[Items from a dataset]
::::
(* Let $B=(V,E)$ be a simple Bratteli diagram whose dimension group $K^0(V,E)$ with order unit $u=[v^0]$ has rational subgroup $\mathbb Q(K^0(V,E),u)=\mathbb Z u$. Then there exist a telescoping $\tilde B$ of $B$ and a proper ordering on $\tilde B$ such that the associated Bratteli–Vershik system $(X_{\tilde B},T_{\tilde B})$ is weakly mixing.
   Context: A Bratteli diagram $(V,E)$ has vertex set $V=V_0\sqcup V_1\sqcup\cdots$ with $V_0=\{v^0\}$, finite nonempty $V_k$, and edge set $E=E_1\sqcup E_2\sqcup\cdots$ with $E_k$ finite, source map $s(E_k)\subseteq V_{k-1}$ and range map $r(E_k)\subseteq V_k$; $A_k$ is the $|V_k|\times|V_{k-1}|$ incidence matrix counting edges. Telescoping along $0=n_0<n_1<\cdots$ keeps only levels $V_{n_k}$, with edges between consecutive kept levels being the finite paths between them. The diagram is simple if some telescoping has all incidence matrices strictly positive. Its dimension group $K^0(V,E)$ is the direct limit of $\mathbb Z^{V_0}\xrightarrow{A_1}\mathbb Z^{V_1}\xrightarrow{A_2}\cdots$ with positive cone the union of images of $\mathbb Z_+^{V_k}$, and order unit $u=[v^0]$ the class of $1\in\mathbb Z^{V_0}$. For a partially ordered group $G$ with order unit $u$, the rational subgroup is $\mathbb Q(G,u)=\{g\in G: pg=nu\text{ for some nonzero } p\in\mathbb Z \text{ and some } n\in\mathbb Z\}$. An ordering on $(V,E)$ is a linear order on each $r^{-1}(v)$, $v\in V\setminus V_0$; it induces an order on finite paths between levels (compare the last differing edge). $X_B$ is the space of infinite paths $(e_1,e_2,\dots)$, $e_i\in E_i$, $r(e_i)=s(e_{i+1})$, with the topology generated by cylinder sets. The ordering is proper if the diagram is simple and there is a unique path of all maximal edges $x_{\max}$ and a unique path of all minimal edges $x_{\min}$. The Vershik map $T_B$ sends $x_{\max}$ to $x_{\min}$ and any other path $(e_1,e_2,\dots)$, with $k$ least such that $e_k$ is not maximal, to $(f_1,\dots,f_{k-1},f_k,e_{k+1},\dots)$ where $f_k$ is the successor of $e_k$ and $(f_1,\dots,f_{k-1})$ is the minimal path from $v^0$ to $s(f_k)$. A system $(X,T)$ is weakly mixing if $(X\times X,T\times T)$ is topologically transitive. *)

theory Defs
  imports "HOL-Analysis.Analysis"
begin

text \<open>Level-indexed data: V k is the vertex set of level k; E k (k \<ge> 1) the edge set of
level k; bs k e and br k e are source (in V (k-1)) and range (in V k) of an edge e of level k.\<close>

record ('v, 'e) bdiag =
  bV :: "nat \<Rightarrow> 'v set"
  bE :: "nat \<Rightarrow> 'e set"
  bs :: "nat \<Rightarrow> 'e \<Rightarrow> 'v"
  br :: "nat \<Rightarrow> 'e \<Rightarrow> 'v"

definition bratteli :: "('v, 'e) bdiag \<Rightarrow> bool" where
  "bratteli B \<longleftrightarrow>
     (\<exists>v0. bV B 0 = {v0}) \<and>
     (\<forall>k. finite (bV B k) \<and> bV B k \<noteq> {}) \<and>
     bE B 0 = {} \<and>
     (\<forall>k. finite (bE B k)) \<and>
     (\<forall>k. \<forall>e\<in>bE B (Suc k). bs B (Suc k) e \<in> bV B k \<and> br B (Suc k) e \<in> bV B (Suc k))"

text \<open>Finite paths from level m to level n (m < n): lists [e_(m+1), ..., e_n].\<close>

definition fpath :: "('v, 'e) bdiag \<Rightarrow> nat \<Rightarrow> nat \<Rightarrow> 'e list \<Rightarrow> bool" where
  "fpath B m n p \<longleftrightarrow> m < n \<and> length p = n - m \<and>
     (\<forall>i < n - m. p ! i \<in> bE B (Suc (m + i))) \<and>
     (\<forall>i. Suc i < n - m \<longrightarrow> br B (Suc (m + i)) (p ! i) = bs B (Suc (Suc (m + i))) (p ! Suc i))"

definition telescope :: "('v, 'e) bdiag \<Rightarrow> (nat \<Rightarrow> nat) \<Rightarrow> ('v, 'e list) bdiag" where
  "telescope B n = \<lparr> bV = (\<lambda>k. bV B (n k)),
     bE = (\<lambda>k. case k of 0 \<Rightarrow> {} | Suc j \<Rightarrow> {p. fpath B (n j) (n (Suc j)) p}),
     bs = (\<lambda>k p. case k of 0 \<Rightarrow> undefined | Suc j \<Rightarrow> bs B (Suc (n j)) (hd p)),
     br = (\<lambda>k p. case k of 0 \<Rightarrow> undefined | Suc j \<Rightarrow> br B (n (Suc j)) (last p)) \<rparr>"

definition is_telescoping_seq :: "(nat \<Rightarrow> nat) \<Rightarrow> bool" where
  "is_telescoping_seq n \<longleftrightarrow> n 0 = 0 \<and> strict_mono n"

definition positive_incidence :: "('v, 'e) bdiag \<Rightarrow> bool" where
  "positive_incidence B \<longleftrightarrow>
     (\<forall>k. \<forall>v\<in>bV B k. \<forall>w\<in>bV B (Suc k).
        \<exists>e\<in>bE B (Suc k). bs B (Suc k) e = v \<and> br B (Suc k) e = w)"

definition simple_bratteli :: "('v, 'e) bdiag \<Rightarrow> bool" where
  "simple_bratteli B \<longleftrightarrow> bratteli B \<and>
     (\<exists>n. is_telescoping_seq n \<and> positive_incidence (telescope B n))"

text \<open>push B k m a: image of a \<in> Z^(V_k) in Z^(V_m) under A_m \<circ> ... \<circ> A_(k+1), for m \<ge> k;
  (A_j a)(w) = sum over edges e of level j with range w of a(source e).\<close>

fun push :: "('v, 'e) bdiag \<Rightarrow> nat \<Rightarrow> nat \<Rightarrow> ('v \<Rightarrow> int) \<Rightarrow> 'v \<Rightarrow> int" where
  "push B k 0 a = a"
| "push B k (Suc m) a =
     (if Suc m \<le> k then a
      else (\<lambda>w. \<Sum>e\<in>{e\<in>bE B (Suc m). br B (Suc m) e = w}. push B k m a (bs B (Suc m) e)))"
::::
** To do **
Could you restate word for word the lines above from the one containing "(\<forall>i < n" through the one containing "n = \<lparr>", both included, and nothing else?

** Written solution **
     (\<forall>i < n - m. p ! i \<in> bE B (Suc (m + i))) \<and>
     (\<forall>i. Suc i < n - m \<longrightarrow> br B (Suc (m + i)) (p ! i) = bs B (Suc (Suc (m + i))) (p ! Suc i))"

definition telescope :: "('v, 'e) bdiag \<Rightarrow> (nat \<Rightarrow> nat) \<Rightarrow> ('v, 'e list) bdiag" where
  "telescope B n = \<lparr> bV = (\<lambda>k. bV B (n k)),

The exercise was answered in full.